Lorsqu'on songe que Charles épanchait ainsi son coeur au milieu des horreurs de la guerre civile, au moment de tomber entre les mains de ses ennemis, on est profondément attendri.

La reine, un an auparavant, lui écrivait d'York, le 30 mars, ces paroles un peu rudes : « Souvenez-vous de ce que je vous ai écrit dans mes trois dernières lettres, et ayez plus de soin de moi que vous n'en avez eu jusque ici, ou faites semblant du moins d'en prendre davantage, afin qu'on ne s'aperçoive pas de votre négligence à mon égard. »

Charles crut devoir déclarer, en mourant, à sa jeune fille, la princesse Elisabeth, qu' il avait toujours été fidèle à la reine, et la lettre d'adieux qu'il écrivit à celle-ci se terminait par ces mots : « Je meurs satisfait, puisque mes enfants sont auprès de vous. Votre vertu et votre tendresse me répondent du soin que vous aurez de leur conduite. Je ne puis vous laisser des gages plus chers et plus précieux de mon amour. Je bénis le ciel de faire tomber sa colère sur moi seul. Mon coeur est plein pour vous de la même tendresse que vous y avez toujours vue. Je vais mourir sans crainte, me sentant fortifié par le souvenir de la fermeté d'âme que vous m'avez fait paraître dans nos périls communs. Adieu, madame, soyez persuadée que jusqu'au dernier moment de ma vie je ne ferai rien qui soit indigne de l'honneur que j'ai d'être votre époux [1] ».
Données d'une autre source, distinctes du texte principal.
lemma MOCP_cover_point_imp_CP_cover_point:
  fixes C :: "(real^'m) set" and p :: ereal and e :: real
  defines "d \<equiv> e / pnorm p (ones :: real^'m option)"
  assumes p: "1 \<le> p" and e: "e > 0" and C: "convex C" and y: "y \<in> C"
    and r: "r \<in> rec_cone (closure (msum (Pobj_y ` C) nonneg_orthant))"
    and eq: "Pobj_y y = Pobj_y y' + r - d *\<^sub>R ones"
  shows "\<exists>v \<in> rec_cone (closure C). pnorm p (y - y' - v) \<le> kappa_bar CARD('m) p * e"
proof -
  obtain v where v: "v \<in> rec_cone (closure C)" "Pobj_y v \<le> r"
    using rec_cone_upper_set_Pobj_y_dominated[OF C y r] by blast
  have "Pobj_y (y - y' - v) + d *\<^sub>R ones = r - Pobj_y v"
    using eq by (simp add: linear_diff[OF linear_Pobj_y])
  hence "0 \<le> Pobj_y (y - y' - v) + d *\<^sub>R ones" using v(2) by simp
  hence "pnorm p (y - y' - v) \<le> kappa_bar CARD('m) p * e"
    unfolding d_def by (rule pnorm_le_kappa_bar_if_Pobj_y_ge[OF p e])
  thus ?thesis using v(1) by blast
qed

theorem mainTheorem7:
  fixes S Sb :: "((real^'n) \<times> (real^'m)) set" and p :: ereal and e :: real
  assumes "convex S"
    and "MOCP_self_bounded S"
    and "1 \<le> p"
    and "e > 0"
    and "MOCP_finite_sol p S e Sb"
  shows "CP_finite_sol p S (kappa_bar CARD('m) p * e) Sb"
proof -
  define d where "d = e / pnorm p (ones :: real^'m option)"
  have U: "upper_image S = closure (msum (Pobj_y ` CP_Y S) nonneg_orthant)"
    by (simp add: upper_image_def CP_Y_def image_image Pobj_eq_Pobj_y)
  have "convex hull (Pobj ` Sb) = Pobj_y ` (convex hull (snd ` Sb))"
    by (simp add: convex_hull_linear_image[OF linear_Pobj_y] image_image Pobj_eq_Pobj_y)
  hence sol: "Sb \<noteq> {}" "finite Sb" "Sb \<subseteq> S" and cover: "upper_image S \<subseteq>
      msum (msum (Pobj_y ` (convex hull (snd ` Sb))) (rec_cone (upper_image S))) {- d *\<^sub>R ones}"
    using assms(5) unfolding MOCP_finite_sol_def d_def by auto
  have C: "convex (CP_Y S)" unfolding CP_Y_def by (rule convex_linear_image[OF linear_snd assms(1)])
  have "y \<in> msum (msum (convex hull (snd ` Sb)) (rec_cone (closure (CP_Y S))))
      (pball p (kappa_bar CARD('m) p * e))" if y: "y \<in> CP_Y S" for y
  proof -
    obtain y' r where y': "y' \<in> convex hull (snd ` Sb)" and r: "r \<in> rec_cone (upper_image S)"
      and eq: "Pobj_y y = Pobj_y y' + r - d *\<^sub>R ones"
      using cover Pobj_y_mem_closure_msum_nonneg_orthant[OF y] unfolding U by (force simp: msum_def)
    then obtain v where "v \<in> rec_cone (closure (CP_Y S))"
      and "pnorm p (y - y' - v) \<le> kappa_bar CARD('m) p * e"
      using MOCP_cover_point_imp_CP_cover_point[OF assms(3,4) C y] unfolding U d_def by blast
    thus ?thesis using y' by (force simp: msum_def pball_def)
  qed
  thus ?thesis using sol by (auto simp: CP_finite_sol_def)
qed

end
lemma coercive_attains_min:
  fixes f :: "'a::{real_normed_vector,heine_borel} \<Rightarrow> real"
  assumes "continuous_on UNIV f" and "filterlim f at_top at_infinity"
  obtains z where "\<forall>y. f z \<le> f y"
proof -
  obtain b where b: "\<And>x. b \<le> norm x \<Longrightarrow> f 0 \<le> f x"
    using assms(2) unfolding filterlim_at_top eventually_at_infinity by blast
  have "cball 0 \<bar>b\<bar> \<noteq> {}" by simp
  then obtain z where z: "\<forall>y\<in>cball 0 \<bar>b\<bar>. f z \<le> f y"
    using continuous_attains_inf[OF compact_cball _ continuous_on_subset[OF assms(1)]] by blast
  have "f z \<le> f y" for y
  proof (cases "y \<in> cball 0 \<bar>b\<bar>")
    case False
    then have "f 0 \<le> f y" by (intro b) simp
    moreover have "f z \<le> f 0" using z by simp
    ultimately show ?thesis by linarith
  qed (use z in blast)
  then show thesis using that by blast
qed

lemma f2_coercive:
  fixes A B :: "('n::finite) tensor"
  assumes "m > 0" and "pos_def_tensor m B"
  shows "filterlim (f2 m A B) at_top at_infinity"
proof -
  obtain c where c: "c > 0" "\<And>x. c * norm x ^ m \<le> tform m B x"
    using pos_def_tensor_ge_norm_power[OF assms(2)] by blast
  obtain C where C: "\<And>x. \<bar>tform m A x\<bar> \<le> C * norm x ^ m"
    using tform_abs_le_norm_power by blast
  define q where "q t = (c * t)\<^sup>2 / (2 * real m) - C * t / real m" for t
  have "filterlim q at_top at_top"
    unfolding q_def using c(1) assms(1) by real_asymp
  moreover have "filterlim (\<lambda>x::real^'n. norm x ^ m) at_top at_infinity"
    using filterlim_pow_at_top[OF assms(1) filterlim_norm_at_top] .
  ultimately have lim: "filterlim (\<lambda>x::real^'n. q (norm x ^ m)) at_top at_infinity"
    by (rule filterlim_compose)
  have bound: "q (norm x ^ m) \<le> f2 m A B x" for x
  proof -
    have "(c * norm x ^ m)\<^sup>2 \<le> (tform m B x)\<^sup>2"
      using c by (intro power_mono) auto
    moreover have "tform m A x \<le> C * norm x ^ m"
      using C[of x] by linarith
    ultimately show ?thesis
      unfolding q_def f2_def using assms(1) by (auto intro!: diff_mono divide_right_mono)
  qed
  show ?thesis
    by (rule filterlim_at_top_mono[OF lim]) (simp add: bound)
qed

lemma critical_points_f2:
  fixes A B :: "('n::finite) tensor"
  assumes "m > 1" and "weakly_symmetric m A" and "weakly_symmetric m B" and "pos_def_tensor m B"
  shows "{x. critical_point (f2 m A B) x} =
           {0} \<union> {x. \<exists>lam. lam > 0 \<and> Br_eigenpair m A B lam x \<and> tform m B x = lam}"
proof -
  have "critical_point (f2 m A B) x \<longleftrightarrow> tform m B x *\<^sub>R tvec m B x - tvec m A x = 0" for x
    by (rule critical_point_iff_gradient_eq_0[OF has_derivative_f2]) (use assms in auto)
  moreover have "x \<noteq> 0 \<Longrightarrow> tform m B x > 0" for x
    using assms(4) by (simp add: pos_def_tensor_def)
  ultimately show ?thesis
    using assms(1) by (auto simp: Br_eigenpair_def tform_0 tvec_0)
qed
Cette dernière lettre de Charles, qui n'est pas assez connue, montre que ses sentiments intimes étaient aussi nobles et peut-être encore plus touchants que ceux qu'il fit éclater sur l'échafaud.

On peut reprocher à Henriette-Marie du penchant à l'intrigue, penchant qu'elle tenait du sang des Médicis ; elle se livra aussi à des moines sans prudence et à des favorites qui la trahirent. Elle avait le courage du sang ; le courage politique lui manquait quelquefois : et quand les orages populaires grondaient, quoique femme de tête et de coeur, elle donnait

  1. Vie de Henriette-Marie. (N.d.A.)